Praising the Lord for you and praying for you every day!

Cindy

Lindsey G said...

praising God with you! Ive been checking back daily for an update :)

Sandi said...

I prayed for you today. Your pictures are beautiful and it really lifts my heart to see them and know that you all made it there safely. I look forward to seeing new pictures and hearing what God is doing through you.

Anonymous said...

So glad to hear you are safely there, so excited to see the beautiful smiles of the boys, Praying for you, excited what God is doing and can't wait for the future posts...Love Ya Sista! Debi

Anonymous said...

Yeah! a post. As always you all are always close to my heart and on my mind. No father likes to see a Daughter in anything but pure bliss but I know you are doing what you need to do.

You also have an earthly father that will always be there for you and your wonderful family.

Love Dad

Bee Happy said...

I can't help it either. I have followed your blog for over a year. I am praying for you and thinking about you. Happy, TX!!

Bee Happy said...

I have been following you for a year!! I am praying for you.

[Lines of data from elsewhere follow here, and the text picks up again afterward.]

lemma nondegenerate_part_ge:
  assumes c: "is_poly c"
  obtains K \<theta> where "\<theta> < 1"
    "\<And>x. - K * vertex_gauge c x powr \<theta> \<le> (\<Sum>\<beta>\<in>supp_poly c - Vv c - gem_deg c. c \<beta> * mon x \<beta>)"
proof -
  define R where "R = supp_poly c - Vv c - gem_deg c"
  have "finite R"
    using c by (simp add: R_def is_poly_def)
  have "\<forall>\<beta>\<in>R. \<exists>\<theta>. \<theta> < 1 \<and> (\<forall>x. abs_mon x \<beta> \<le> vertex_gauge c x powr \<theta>)"
    using nondegenerate_abs_mon_le_vertex_gauge_powr[OF c] unfolding R_def by blast
  then obtain \<theta>\<^sub>\<beta> where \<theta>\<^sub>\<beta>: "\<And>\<beta>. \<beta> \<in> R \<Longrightarrow> \<theta>\<^sub>\<beta> \<beta> < 1 \<and> (\<forall>x. abs_mon x \<beta> \<le> vertex_gauge c x powr \<theta>\<^sub>\<beta> \<beta>)"
    by (metis bchoice)
  define \<theta> where "\<theta> = Max (insert 0 (\<theta>\<^sub>\<beta> ` R))"
  have "\<theta> < 1"
    using \<open>finite R\<close> \<theta>\<^sub>\<beta> by (simp add: \<theta>_def)
  have "- \<bar>c \<beta>\<bar> * vertex_gauge c x powr \<theta> \<le> c \<beta> * mon x \<beta>" if "\<beta> \<in> R" for \<beta> x
  proof -
    have "abs_mon x \<beta> \<le> vertex_gauge c x powr \<theta>\<^sub>\<beta> \<beta>"
      using \<theta>\<^sub>\<beta>[OF that] by blast
    also have "\<dots> \<le> vertex_gauge c x powr \<theta>"
      using \<open>finite R\<close> that by (intro powr_mono one_le_vertex_gauge) (simp add: \<theta>_def)
    finally show ?thesis
      using mult_mon_ge[of "c \<beta>" x \<beta>] mult_left_mono[of _ _ "\<bar>c \<beta>\<bar>"] by fastforce
  qed
  then have "- (\<Sum>\<beta>\<in>R. \<bar>c \<beta>\<bar>) * vertex_gauge c x powr \<theta> \<le> (\<Sum>\<beta>\<in>R. c \<beta> * mon x \<beta>)" for x
    unfolding sum_distrib_right sum_negf[symmetric] mult_minus_left by (intro sum_mono)
  then show ?thesis
    unfolding R_def by (rule that[OF \<open>\<theta> < 1\<close>])
qed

Can't wait to hear it all. You are so transparent. Thank you. I bought two Haiti purses because of you. Love ya even if you don't know me.

Jennifer Bacak said...

Oh Heather...it's good to see your voice in print. I have been praying like crazy. The pictures made me cry.
Jax can't wait to skype with hayden. He talks about him a lot, but has been calling you guys "the H word" because he's afraid to say your name because I might cry. :)
I miss you and can't wait to talk to you again! Love you!
jenn

The Mosiers said...

I love the pictures of the boys at school! Beautiful!

We are praying for you guys and so glad you made it safely and the boys are transitioning well. I will be praying for you as God continues to work on your heart. Thank you for your honesty.

Can't wait to hear more!

debra said...

i am a little jealous.

Anonymous said...

Praying for you and your family! You are going to be such blessings to the people there, and I can't WAIT to hear what God has in store for you all! Cathy Trimble

Vashti said...

Have just been catching up. I am praying, I know how you are feeling, We moved from New York to Zulu Land and didnt have hot water, often no elcectricity, no washing machine and a HUGE language barrier. You WILL make it! It is an adventure and God is on it with you. Embrace it and enjoy it.